> **EXERCISE AIM**
Only some lines are wanted. Transcribe, exactly, the lines below from the line with "using longest by (auto simp: longest_path_def)" up to and including the line with "using \<open>is_path_in E V (x".

> **RECORDED DATA**
lemma finite_boundary_path_lengths:
  "finite C \<Longrightarrow> finite {plen p |p. is_path_in E C p \<and> (hd p \<in> bd E C M \<or> last p \<in> bd E C M)}"
  by (rule finite_image_set, rule finite_subset[OF _ finite_paths]) auto

lemma plen_le_tval:
  assumes "finite C" "is_path_in E C p" "hd p \<in> bd E C M \<or> last p \<in> bd E C M"
  shows "plen p \<le> tval E M C"
  unfolding tval_def using finite_boundary_path_lengths[OF \<open>finite C\<close>] assms(2,3)
  by (blast intro: Max_ge)

lemma tval_attained:
  assumes "symp E" "finite C" "z \<in> bd E C M"
  obtains c where "is_path_in E C c" "last c \<in> bd E C M" "plen c = tval E M C"
proof -
  let ?T = "{plen p |p. is_path_in E C p \<and> (hd p \<in> bd E C M \<or> last p \<in> bd E C M)}"
  have "plen [z] \<in> ?T"
    using \<open>z \<in> bd E C M\<close> unfolding bd_def by (intro CollectI exI[of _ "[z]"]) simp
  then have "tval E M C \<in> ?T"
    unfolding tval_def using finite_boundary_path_lengths[OF \<open>finite C\<close>] by (intro Max_in) auto
  then obtain c where c: "is_path_in E C c" "hd c \<in> bd E C M \<or> last c \<in> bd E C M"
    "plen c = tval E M C"
    by auto
  show ?thesis
  proof (cases "last c \<in> bd E C M")
    case True
    with c show ?thesis
      by (intro that)
  next
    case False
    have "c \<noteq> []"
      using c(1) by (simp add: is_path_in_iff_successively)
    with c False show ?thesis
      using that[of "rev c"] is_path_in_rev[OF \<open>symp E\<close> c(1)] by (simp add: last_rev)
  qed
qed

lemma connected_dominating_set_path_to:
  assumes "symp E" and D: "connected_dominating_set E M D" and "m \<in> M - D" "s \<in> M"
  obtains r where "is_path_in E (insert s D) r" "E m (hd r)" "last r = s"
proof -
  have D_conn: "connected_set E D" and D_dom: "dominates E D M"
    using D unfolding connected_dominating_set_def by auto
  obtain d where "d \<in> D" "E m d"
    using D_dom \<open>m \<in> M - D\<close> unfolding dominates_def by blast
  show ?thesis
  proof (cases "s \<in> D")
    case True
    then obtain q where "is_path_in E D q" "hd q = d" "last q = s"
      using D_conn \<open>d \<in> D\<close> unfolding connected_set_def by blast
    then show ?thesis
      using that[of q] \<open>E m d\<close> is_path_in_mono[of E D q "insert s D"] by blast
  next
    case False
    then obtain d' where "d' \<in> D" "E s d'"
      using D_dom \<open>s \<in> M\<close> unfolding dominates_def by blast
    obtain q where q: "is_path_in E D q" "hd q = d" "last q = d'"
      using D_conn \<open>d \<in> D\<close> \<open>d' \<in> D\<close> unfolding connected_set_def by blast
    have "q \<noteq> []" "set q \<subseteq> D"
      using q(1) by (simp_all add: is_path_in_iff_successively)
    have "is_path_in E (insert s D) (q @ [s])"
      using q \<open>q \<noteq> []\<close> \<open>set q \<subseteq> D\<close> False \<open>E s d'\<close> \<open>symp E\<close>
        is_path_in_mono[OF q(1) subset_insertI]
      by (auto simp: is_path_in_append_iff dest: sympD)
    then show ?thesis
      using that[of "q @ [s]"] \<open>E m d\<close> q \<open>q \<noteq> []\<close> by simp
  qed
qed

subsection \<open>The reduction\<close>

locale transversal_reduction =
  fixes V :: "'a set" and E :: "'a \<Rightarrow> 'a \<Rightarrow> bool" and M D S Cmax :: "'a set"
  assumes graph: "graph V E"
    and connected: "connected_set E V"
    and M_subset: "M \<subseteq> V"
    and M_transversal: "lp_transversal V E M"
    and D_cds: "connected_dominating_set E M D"
    and Cmax_path_maximal: "path_maximal V E M Cmax"
    and S_subset: "S \<subseteq> M"
    and S_dominates: "dominates E S (bd E Cmax M)"
begin

lemma symp: "symp E"
  using graph by (rule graph_symp)

lemma finite_V: "finite V"
  using graph by (simp add: graph_def)

lemma D_subset: "D \<subseteq> M"
  using D_cds by (simp add: connected_dominating_set_def)

lemma Cmax_component: "component E (V - M) Cmax"
  using Cmax_path_maximal by (simp add: path_maximal_def)

lemma Cmax_subset: "Cmax \<subseteq> V - M"
  using Cmax_component by (simp add: component_def)

lemma bd_Cmax_neighbour_in_S:
  assumes "z \<in> bd E Cmax M"
  obtains s where "s \<in> S" "E z s"
proof -
  have "z \<notin> S"
    using assms Cmax_subset S_subset by (auto simp: bd_def)
  then show ?thesis
    using assms S_dominates that unfolding dominates_def by blast
qed

lemma path_through_D_to_S:
  assumes "m \<in> M - D" "s \<in> S"
  obtains r where "is_path_in E V r" "set r \<subseteq> D \<union> S" "E m (hd r)" "last r = s"
proof -
  obtain r where r: "is_path_in E (insert s D) r" "E m (hd r)" "last r = s"
    using connected_dominating_set_path_to[OF symp D_cds assms(1)] assms(2) S_subset by blast
  have "insert s D \<subseteq> V"
    using assms(2) S_subset D_subset M_subset by auto
  then show ?thesis
    using that[of r] r is_path_in_mono[OF r(1)] assms(2)
    by (auto simp: is_path_in_iff_successively)
qed

lemma bd_Cmax_nonempty:
  assumes "m \<in> M"
  obtains z where "z \<in> bd E Cmax M"
proof -
  obtain c where "c \<in> Cmax"
    using Cmax_component by (auto simp: component_def connected_set_def)
  moreover have "m \<in> V" "m \<notin> Cmax"
    using assms M_subset Cmax_subset by auto
  ultimately obtain w where w: "is_path_in E V w" "hd w = c" "last w = m"
    using connected Cmax_subset unfolding connected_set_def by blast
  then have "c \<in> set w" "m \<in> set w"
    by (auto simp: is_path_in_iff_successively)
  then obtain w1 w2 where "last w1 \<in> M" "hd w2 \<in> Cmax" "E (last w1) (hd w2)"
    using component_path_crossing[OF symp Cmax_component w(1)] \<open>c \<in> Cmax\<close> \<open>m \<notin> Cmax\<close> by metis
  then show ?thesis
    using that symp unfolding bd_def by (blast dest: sympD)
qed

lemma plen_le_tval_Cmax:
  assumes A: "is_path_in E (V - M) A" and "m \<in> M" "E (last A) m"
  shows "plen A \<le> tval E M Cmax"
proof -
  have "finite (V - M)" "set A \<subseteq> V - M"
    using finite_V A by (auto simp: is_path_in_iff_successively)
  then obtain C where C: "component E (V - M) C" "set A \<subseteq> C"
    using component_containing connected_set_path_set[OF symp A] by blast
  have "is_path_in E C A"
    using A C(2) by (simp add: is_path_in_iff_successively)
  moreover have "last A \<in> bd E C M"
    using C(2) A assms(2,3) unfolding bd_def by (auto simp: is_path_in_iff_successively)
  moreover have "finite C"
    using C(1) finite_V by (auto simp: component_def intro: finite_subset)
  ultimately have "plen A \<le> tval E M C"
    by (simp add: plen_le_tval)
  also have "\<dots> \<le> tval E M Cmax"
    using Cmax_path_maximal C(1) by (simp add: path_maximal_def)
  finally show ?thesis .
qed

lemma longest_path_entering_Cmax_meets_D_S:
  assumes longest: "longest_path V E (p1 @ p2)" and "p1 \<noteq> []" "p2 \<noteq> []"
    and "last p1 \<in> M" "hd p2 \<in> Cmax"
  shows "set (p1 @ p2) \<inter> (D \<union> S) \<noteq> {}"
proof
  assume avoid: "set (p1 @ p2) \<inter> (D \<union> S) = {}"
  have path: "is_path_in E V (p1 @ p2)"
    using longest by (simp add: longest_path_def)
  then have "E (last p1) (hd p2)"
    using assms(2,3) by (simp add: is_path_in_append_iff)
  then have "hd p2 \<in> bd E Cmax M"
    using assms(4,5) symp unfolding bd_def by (blast dest: sympD)
  then obtain s where "s \<in> S" "E (hd p2) s"
    by (rule bd_Cmax_neighbour_in_S)
  have "last p1 \<in> set p1"
    using assms(2) by simp
  then have "last p1 \<in> M - D"
    using assms(4) avoid by auto
  then obtain r where r: "is_path_in E V r" "set r \<subseteq> D \<union> S" "E (last p1) (hd r)" "last r = s"
    using path_through_D_to_S \<open>s \<in> S\<close> by blast
  have "set r \<inter> set (p1 @ p2) = {}" "E (last r) (hd p2)"
    using r(2,4) avoid \<open>E (hd p2) s\<close> symp by (auto dest: sympD)
  then have "is_path_in E V (p1 @ r @ p2)" "plen (p1 @ p2) < plen (p1 @ r @ p2)"
    using is_path_in_detour[OF path assms(2,3) r(1) _ r(3)] by simp_all
  then show False
    using longest by (auto simp: longest_path_def not_le[symmetric])
qed

lemma longest_path_avoiding_Cmax_meets_D_S:
  assumes longest: "longest_path V E p" and p_Cmax: "set p \<inter> Cmax = {}"
  shows "set p \<inter> (D \<union> S) \<noteq> {}"
proof
  assume avoid: "set p \<inter> (D \<union> S) = {}"
  have path: "is_path_in E V p" and max: "\<And>q. is_path_in E V q \<Longrightarrow> plen q \<le> plen p"
    using longest by (auto simp: longest_path_def)
  have "\<exists>x \<in> set p. x \<in> M"
    using M_transversal longest unfolding lp_transversal_def by blast
  then obtain A x R where p: "p = A @ x # R" and "x \<in> M" and A_out: "\<forall>y \<in> set A. y \<notin> M"
    by (rule split_list_first_propE)
  have "plen p \<le> tval E M Cmax + length R + 1"
  proof (cases "A = []")
    case True
    then show ?thesis
      using p by simp
  next
    case False
    have "is_path_in E V A" "E (last A) x"
      using path p False by (simp_all add: is_path_in_append_iff)
    then have "plen A \<le> tval E M Cmax"
      using A_out \<open>x \<in> M\<close> plen_le_tval_Cmax[of A] by (auto simp: is_path_in_iff_successively)
    then show ?thesis
      using p False by (simp add: plen_append)
  qed
  obtain z where "z \<in> bd E Cmax M"
    using bd_Cmax_nonempty \<open>x \<in> M\<close> by blast
  moreover have "finite Cmax"
    using finite_V Cmax_subset finite_subset by blast
  ultimately obtain c where c: "is_path_in E Cmax c" "last c \<in> bd E Cmax M" "plen c = tval E M Cmax"
    using tval_attained[OF symp] by blast
  then obtain s where "s \<in> S" "E (last c) s"
    using bd_Cmax_neighbour_in_S by blast
  have "x \<in> M - D"
    using avoid p \<open>x \<in> M\<close> by auto
  then obtain r where r: "is_path_in E V r" "set r \<subseteq> D \<union> S" "E x (hd r)" "last r = s"
    using path_through_D_to_S \<open>s \<in> S\<close> by blast
  have "c \<noteq> []" "r \<noteq> []"
    using c(1) r(1) by (simp_all add: is_path_in_iff_successively)
  have "is_path_in E V c" "set c \<subseteq> Cmax"
    using c(1) Cmax_subset is_path_in_mono[OF c(1)] by (auto simp: is_path_in_iff_successively)
  have "is_path_in E V (x # R)"
    using is_path_in_infix[of E V A "x # R" "[]"] path p by simp
  have "is_path_in E V (rev r @ x # R)"
    using \<open>is_path_in E V (x # R)\<close> is_path_in_rev[OF symp r(1)] \<open>r \<noteq> []\<close> r(2,3) avoid p symp
    by (auto simp: is_path_in_append_iff last_rev dest: sympD)
  moreover have "set c \<inter> set (rev r @ x # R) = {}"
    using \<open>set c \<subseteq> Cmax\<close> Cmax_subset r(2) S_subset D_subset p_Cmax p by (simp add: p) blast
  ultimately have "is_path_in E V (c @ rev r @ x # R)"
    using \<open>is_path_in E V c\<close> \<open>c \<noteq> []\<close> \<open>r \<noteq> []\<close> r(4) \<open>E (last c) s\<close>
    by (simp add: is_path_in_append_iff hd_rev)
  moreover have "plen (c @ rev r @ x # R) = tval E M Cmax + plen r + length R + 2"
    using \<open>c \<noteq> []\<close> \<open>r \<noteq> []\<close> c(3) by (simp add: plen_append)
  ultimately show False
    using max \<open>plen p \<le> tval E M Cmax + length R + 1\<close> by fastforce
qed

> **EXERCISE RESPONSE**
    using longest by (auto simp: longest_path_def)
  have "\<exists>x \<in> set p. x \<in> M"
    using M_transversal longest unfolding lp_transversal_def by blast
  then obtain A x R where p: "p = A @ x # R" and "x \<in> M" and A_out: "\<forall>y \<in> set A. y \<notin> M"
    by (rule split_list_first_propE)
  have "plen p \<le> tval E M Cmax + length R + 1"
  proof (cases "A = []")
    case True
    then show ?thesis
      using p by simp
  next
    case False
    have "is_path_in E V A" "E (last A) x"
      using path p False by (simp_all add: is_path_in_append_iff)
    then have "plen A \<le> tval E M Cmax"
      using A_out \<open>x \<in> M\<close> plen_le_tval_Cmax[of A] by (auto simp: is_path_in_iff_successively)
    then show ?thesis
      using p False by (simp add: plen_append)
  qed
  obtain z where "z \<in> bd E Cmax M"
    using bd_Cmax_nonempty \<open>x \<in> M\<close> by blast
  moreover have "finite Cmax"
    using finite_V Cmax_subset finite_subset by blast
  ultimately obtain c where c: "is_path_in E Cmax c" "last c \<in> bd E Cmax M" "plen c = tval E M Cmax"
    using tval_attained[OF symp] by blast
  then obtain s where "s \<in> S" "E (last c) s"
    using bd_Cmax_neighbour_in_S by blast
  have "x \<in> M - D"
    using avoid p \<open>x \<in> M\<close> by auto
  then obtain r where r: "is_path_in E V r" "set r \<subseteq> D \<union> S" "E x (hd r)" "last r = s"
    using path_through_D_to_S \<open>s \<in> S\<close> by blast
  have "c \<noteq> []" "r \<noteq> []"
    using c(1) r(1) by (simp_all add: is_path_in_iff_successively)
  have "is_path_in E V c" "set c \<subseteq> Cmax"
    using c(1) Cmax_subset is_path_in_mono[OF c(1)] by (auto simp: is_path_in_iff_successively)
  have "is_path_in E V (x # R)"
    using is_path_in_infix[of E V A "x # R" "[]"] path p by simp
  have "is_path_in E V (rev r @ x # R)"
    using \<open>is_path_in E V (x # R)\<close> is_path_in_rev[OF symp r(1)] \<open>r \<noteq> []\<close> r(2,3) avoid p symp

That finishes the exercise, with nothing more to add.